Na sequência da morte de Cristiane, veio o nascimento de outros dois membros da família, as netinhas que Anne considera para si. 'Parece que foi proposital. Deus trocou o luto pelo amor de duas novas vidas. Foi um recomeço forçado para todo mundo', conta.

Ainda separando as roupas da irmã, Annelise encontrou uma peça que seria usada por Cris no 'festão' de 50 anos das duas – interrompido 2 anos antes com a morte antecipada da gêmea. 'Sempre amei comemorar aniversário ao lado dela. Tínhamos o costume de vestir a mesma roupa e brincar de confundir todo mundo. Éramos duas palhaças', descreve.

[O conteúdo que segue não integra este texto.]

definition ham_path :: "'a list set \<Rightarrow> 'a list list \<Rightarrow> bool" where
  "ham_path T xs \<longleftrightarrow> distinct (map rclass xs) \<and> rclass ` set xs = rclass ` T"

lemma ham_path_rev_path: "ham_path T xs \<Longrightarrow> ham_path T (rev_path xs)"
  by (metis ham_path_def distinct_rev map_rclass_rev_path set_map set_rev)

lemma ham_path_in_tilde: "ham_path T xs \<Longrightarrow> x \<in> set xs \<Longrightarrow> x \<in> tilde T"
  unfolding ham_path_def in_tilde_iff by blast

lemma ham_path_distinct: "ham_path T xs \<Longrightarrow> distinct xs"
  by (simp add: ham_path_def distinct_map)

lemma path_ov_ham_path_singleton: "ham_path {w} xs \<Longrightarrow> path_ov xs = 0"
proof -
  assume "ham_path {w} xs"
  then have "distinct (map rclass xs)" "set (map rclass xs) = {rclass w}"
    unfolding ham_path_def by auto
  then have "length xs = 1" using distinct_card by fastforce
  then show ?thesis by (cases xs) auto
qed

locale greedy_merge =
  fixes T :: "'a list set" and u v :: "'a list"
  assumes finite_T: "finite T" and rff_T: "rev_factor_free T"
    and u_in: "u \<in> tilde T" and v_in: "v \<in> tilde T"
    and u_neq_v: "u \<noteq> v" and u_neq_rev_v: "u \<noteq> rev v"
    and ov_max: "\<forall>u'\<in>tilde T. \<forall>v'\<in>tilde T. u' \<noteq> v' \<and> u' \<noteq> rev v' \<longrightarrow> ov u' v' \<le> ov u v"
begin

definition "rest = {z \<in> T. rclass z \<noteq> rclass u \<and> rclass z \<noteq> rclass v}"
definition "merged = otimes u v"
definition "d = ov u v"

lemma rclass_u_neq_v: "rclass u \<noteq> rclass v"
  using u_neq_v u_neq_rev_v by (auto simp: rclass_eq_iff)

lemma ov_le_d: "x \<in> tilde T \<Longrightarrow> y \<in> tilde T \<Longrightarrow> rclass x \<noteq> rclass y \<Longrightarrow> ov x y \<le> d"
  using ov_max unfolding d_def by (metis rclass_eq_iff)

'Claro que é difícil celebrar agora, mas é possível. No aniversário seguinte à sua morte, nos 'nossos' 50 anos, todos os filhos do coração vieram aqui em casa fazer surpresa junto aos meus de sangue. Foi um momento muito feliz que todos nós precisávamos', relembra.

Faltam apenas dois dias para o próximo aniversário, marcado em 28 de abril. Já virou tradição Anne ir até o cemitério onde a sua gêmea está enterrada, isso de manhã bem cedinho. É lá onde conversa com ela, põe os papos e os 'bafão' em dia. 'Nunca brigávamos porque morríamos de medo de uma não contar fofoca para a outra', brinca.

O luto e a tristeza se transformaram em uma alegria nostálgica, mas sempre com uma pontinha de dor pela falta que a irmã lhe faz. 'Mês passado mesmo eu sonhei com ela. Me contou que estava bem, feliz e em paz. E que eu sempre estive certa. Que minha maior qualidade era a de ser persistente nas coisas, de manter a cabeça erguida e continuar a viver como sempre. Acordei feliz'.